The same trend is beginning to affect academic and scientific publishing. For decades specialist and professional journals have charged subscribers exorbitant amounts, because they were the only place that the latest research was published. It was literally a seller's market. Now governments and consumers are putting their foot down. The Economist reports:
IF THERE is any endeavour whose fruits should be freely available, that endeavour is surely publicly financed science. Morally, taxpayers who wish to should be able to read about it without further expense. And science advances through cross-fertilisation between projects. Barriers to that exchange slow it down.

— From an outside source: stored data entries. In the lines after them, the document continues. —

lemma k4_point_not_in_segment:
  assumes "i < j" "j < 4" "l < 4" "l \<noteq> i" "l \<noteq> j"
  shows "k4_point l \<notin> closed_segment (k4_point i) (k4_point j)"
proof -
  have "l \<in> {0, 1, 2, 3}" using assms(3) by auto
  then show ?thesis
    using k4_edge_cases[OF assms(1,2)] assms(4,5)
    by (auto simp: k4_point_def in_segment prod_eq_iff algebra_simps)
qed

lemma k4_point_in_box: "i < 4 \<Longrightarrow> k4_point i \<in> {0..4} \<times> UNIV"
  by (auto simp: k4_point_def less_Suc_eq numeral_eq_Suc)

lemma k4_point_inj: "i < 4 \<Longrightarrow> j < 4 \<Longrightarrow> k4_point i = k4_point j \<Longrightarrow> i = j"
  by (auto simp: k4_point_def less_Suc_eq numeral_eq_Suc)

lemma K4s_point_copy: "i < 4 \<Longrightarrow> K4s_point (4 * k + i) = (real (10 * k), 0) + k4_point i"
  by (simp add: K4s_point_def)

lemma K4s_point_in_strip: "K4s_point u \<in> K4s_strip (u div 4)"
  using k4_point_in_box[of "u mod 4"] by (auto simp: K4s_point_def K4s_strip_def)

lemma K4s_segment_in_strip:
  "closed_segment (K4s_point (4 * k + i)) (K4s_point (4 * k + j)) \<subseteq> K4s_strip k"
  if "i < 4" "j < 4"
proof (rule closed_segment_subset)
  show "convex (K4s_strip k)" by (simp add: K4s_strip_def convex_Times)
qed (use K4s_point_in_strip[of "4 * k + i"] K4s_point_in_strip[of "4 * k + j"] that in auto)

lemma K4s_strips_disjoint: "k \<noteq> k' \<Longrightarrow> K4s_strip k \<inter> K4s_strip k' = {}"
  by (auto simp: K4s_strip_def nat_neq_iff)

lemma K4s_route_eq: "i < j \<Longrightarrow> K4s_route {4 * k + i, 4 * k + j} = [K4s_point (4 * k + i), K4s_point (4 * k + j)]"
  by (simp add: K4s_route_def min_def max_def)

lemma poly_path_Cons_Cons_Nil: "poly_path [a, b] = closed_segment a b"
  by (simp add: poly_path_def seg_def lessThan_Suc)

lemma inj_K4s_point: "inj K4s_point"
proof (rule injI)
  fix u v assume eq: "K4s_point u = K4s_point v"
  have "u div 4 = v div 4"
  proof (rule ccontr)
    assume "u div 4 \<noteq> v div 4"
    moreover have "K4s_point u \<in> K4s_strip (u div 4) \<inter> K4s_strip (v div 4)"
      using K4s_point_in_strip[of u] K4s_point_in_strip[of v] eq by simp
    ultimately show False using K4s_strips_disjoint by blast
  qed
  moreover from this eq have "u mod 4 = v mod 4"
    by (intro k4_point_inj) (simp_all add: K4s_point_def)
  ultimately show "u = v" by (metis div_mult_mod_eq)
qed

lemma K4s_copy_segments_meet_at_common_ends:
  assumes "i < j" "j < 4" "i' < j'" "j' < 4" "(i, j) \<noteq> (i', j')"
  shows "closed_segment (K4s_point (4 * k + i)) (K4s_point (4 * k + j))
      \<inter> closed_segment (K4s_point (4 * k + i')) (K4s_point (4 * k + j'))
    \<subseteq> K4s_point ` ({4 * k + i, 4 * k + j} \<inter> {4 * k + i', 4 * k + j'})"
proof
  define T where "T = (real (10 * k), 0 :: real)"
  fix x
  assume "x \<in> closed_segment (K4s_point (4 * k + i)) (K4s_point (4 * k + j))
      \<inter> closed_segment (K4s_point (4 * k + i')) (K4s_point (4 * k + j'))"
  then have "T + (x - T) \<in> closed_segment (T + k4_point i) (T + k4_point j)"
    "T + (x - T) \<in> closed_segment (T + k4_point i') (T + k4_point j')"
    using assms by (simp_all add: K4s_point_copy T_def)
  then have "x - T \<in> closed_segment (k4_point i) (k4_point j) \<inter> closed_segment (k4_point i') (k4_point j')"
    unfolding closed_segment_translation_eq by simp
  from subsetD[OF k4_segments_meet_at_common_ends[OF assms] this]
  obtain l where l: "l \<in> {i, j} \<inter> {i', j'}" and "x - T = k4_point l" by (rule imageE)
  then have "x = T + k4_point l" by (metis add.commute diff_add_cancel)
  moreover have "l < 4" using l assms by auto
  ultimately have "x = K4s_point (4 * k + l)" by (simp add: K4s_point_copy T_def)
  moreover have "4 * k + l \<in> {4 * k + i, 4 * k + j} \<inter> {4 * k + i', 4 * k + j'}" using l by auto
  ultimately show "x \<in> K4s_point ` ({4 * k + i, 4 * k + j} \<inter> {4 * k + i', 4 * k + j'})" by blast
qed

lemma K4s_point_notin_route:
  assumes "e \<in> K4s_edges m" "w \<notin> e"
  shows "K4s_point w \<notin> poly_path (K4s_route e)"
proof -
  obtain k i j where ij: "i < j" "j < 4" and e: "e = {4 * k + i, 4 * k + j}"
    using assms(1) by (rule K4s_edgesE)
  have path: "poly_path (K4s_route e) = closed_segment (K4s_point (4 * k + i)) (K4s_point (4 * k + j))"
    using ij by (simp add: e K4s_route_eq poly_path_Cons_Cons_Nil)
  show ?thesis
  proof (cases "w div 4 = k")
    case True
    then have w: "w = 4 * k + w mod 4" using mult_div_mod_eq[of 4 w] by simp
    then have "w mod 4 \<noteq> i" "w mod 4 \<noteq> j" using assms(2) e by auto
    then have "k4_point (w mod 4) \<notin> closed_segment (k4_point i) (k4_point j)"
      using k4_point_not_in_segment[OF ij] by simp
    then show ?thesis
      unfolding path using ij by (subst w) (simp add: K4s_point_copy)
  next
    case False
    then show ?thesis
      using K4s_point_in_strip[of w] K4s_segment_in_strip[of i j k] K4s_strips_disjoint[OF False] ij
      unfolding path by auto
  qed
qed

lemma planar_poly_drawing_K4s: "planar_poly_drawing (K4s_vertices m) (K4s_edges m) K4s_point K4s_route"
  unfolding planar_poly_drawing_def
proof (intro conjI ballI impI)
  show "inj_on K4s_point (K4s_vertices m)" using inj_K4s_point by (rule inj_on_subset) simp
next
  fix e assume "e \<in> K4s_edges m"
  then obtain k i j where ij: "i < j" "j < 4" and e: "e = {4 * k + i, 4 * k + j}" by (rule K4s_edgesE)
  have "K4s_point (4 * k + i) \<noteq> K4s_point (4 * k + j)" using inj_K4s_point ij by (auto dest: injD)
  with ij show "simple_polyline (K4s_route e)"
    by (simp add: e K4s_route_eq simple_polyline_def)
  show "\<exists>u v. e = {u, v} \<and> hd (K4s_route e) = K4s_point u \<and> last (K4s_route e) = K4s_point v"
    using ij by (auto simp: e K4s_route_eq)
next
  fix e e' assume "e \<in> K4s_edges m" "e' \<in> K4s_edges m" "e \<noteq> e'"
  obtain k i j where ij: "i < j" "j < 4" and e: "e = {4 * k + i, 4 * k + j}"
    using \<open>e \<in> K4s_edges m\<close> by (rule K4s_edgesE)
  obtain k' i' j' where ij': "i' < j'" "j' < 4" and e': "e' = {4 * k' + i', 4 * k' + j'}"
    using \<open>e' \<in> K4s_edges m\<close> by (rule K4s_edgesE)
  show "poly_path (K4s_route e) \<inter> poly_path (K4s_route e') \<subseteq> K4s_point ` (e \<inter> e')"
  proof (cases "k = k'")
    case True
    with \<open>e \<noteq> e'\<close> have "(i, j) \<noteq> (i', j')" by (auto simp: e e')
    then show ?thesis
      using K4s_copy_segments_meet_at_common_ends[OF ij ij', of k] ij ij' True
      by (simp add: e e' K4s_route_eq poly_path_Cons_Cons_Nil)
  next
    case False
    then show ?thesis
      using K4s_segment_in_strip[of i j k] K4s_segment_in_strip[of i' j' k'] K4s_strips_disjoint[OF False] ij ij'
      by (auto simp: e e' K4s_route_eq poly_path_Cons_Cons_Nil)
  qed
next
  fix e w assume "e \<in> K4s_edges m" "w \<notin> e"
  then show "K4s_point w \<notin> poly_path (K4s_route e)" by (rule K4s_point_notin_route)
qed

lemma k_planar_K4s: "k_planar 4 (K4s_vertices m) (K4s_edges m)"
proof -
  have "degree (K4s_edges m) v \<le> 4" for v using degree_K4s_edges[of m v] by simp
  then show ?thesis
    unfolding k_planar_def planar_graph_def using simple_graph_K4s planar_poly_drawing_K4s by blast
qed

lemma K4s_copy_has_bent_edge:
  assumes drawing: "planar_octilinear_drawing (K4s_vertices m) (K4s_edges m) q r" and "k < m"
  shows "\<exists>e\<in>K4s_edges m. Min e div 4 = k \<and> bends (r e) \<noteq> 0"
proof -
  let ?K = "{4 * k, 4 * k + 1, 4 * k + 2, 4 * k + 3}"
  have in_copy: "x div 4 = k" if "x \<in> ?K" for x
    using that by auto
  have edges: "{x, y} \<in> K4s_edges m" if "x \<in> ?K" "y \<in> ?K" "x \<noteq> y" for x y
  proof -
    define i j where "i = x - 4 * k" and "j = y - 4 * k"
    have ij: "x = 4 * k + i" "y = 4 * k + j" "i < 4" "j < 4" "i \<noteq> j"
      using that by (auto simp: i_def j_def)
    show ?thesis
    proof (cases "i < j")
      case True
      then show ?thesis using K4s_edgesI[OF \<open>k < m\<close> True ij(4)] ij(1,2) by simp
    next
      case False
      then have "j < i" using ij(5) by simp
      from K4s_edgesI[OF \<open>k < m\<close> this ij(3)] show ?thesis
        using ij(1,2) by (simp add: insert_commute)
    qed
  qed
  have poly: "planar_poly_drawing (K4s_vertices m) (K4s_edges m) (\<lambda>v. (of_int (fst (q v)), of_int (snd (q v)))) r"
    and oct: "\<forall>e\<in>K4s_edges m. octilinear_polyline (r e)"
    using drawing by (simp_all add: planar_octilinear_drawing_def)
  have "?K \<subseteq> K4s_vertices m" using \<open>k < m\<close> by (auto simp: K4s_vertices_def)
  then have "\<exists>x\<in>?K. \<exists>y\<in>?K. x \<noteq> y \<and> bends (r {x, y}) \<noteq> 0"
    by (rule octilinear_drawing_of_K4_has_bend[OF poly oct]) (simp_all add: edges)
  then obtain x y where "x \<in> ?K" "y \<in> ?K" "x \<noteq> y" "bends (r {x, y}) \<noteq> 0" by blast
  moreover from this have "Min {x, y} div 4 = k" using in_copy by (simp add: min_def)
  ultimately show ?thesis using edges by blast
qed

There is a widespread feeling that the journal publishers who have mediated this exchange for the past century or more are becoming an impediment to it. One of the latest converts is the British government. On July 16th it announced that, from 2013, the results of taxpayer-financed research would be available, free and online, for anyone to read and redistribute.
. . .
Criticism of journal publishers usually boils down to two things. One is that their processes take months, when the internet could allow them to take days. The other is that because each paper is like a mini-monopoly, which workers in the field have to read if they are to advance their own research, there is no incentive to keep the price down. The publishers thus have scientists—or, more accurately, their universities, which pay the subscriptions—in an armlock. That, combined with the fact that the raw material (manuscripts of papers) is free, leads to generous returns. In 2011 Elsevier, a large Dutch publisher, made a profit of £768m on revenues of £2.06 billion—a margin of 37%. Indeed, Elsevier’s profits are thought so egregious by many people that 12,000 researchers have signed up to a boycott of the company’s journals.
. . .
Support has been swelling for open-access scientific publishing: doing it online, in a way that allows anyone to read papers free of charge. The movement started among scientists themselves, but governments are now, as Britain’s announcement makes clear, paying attention and asking whether they, too, might benefit from the change.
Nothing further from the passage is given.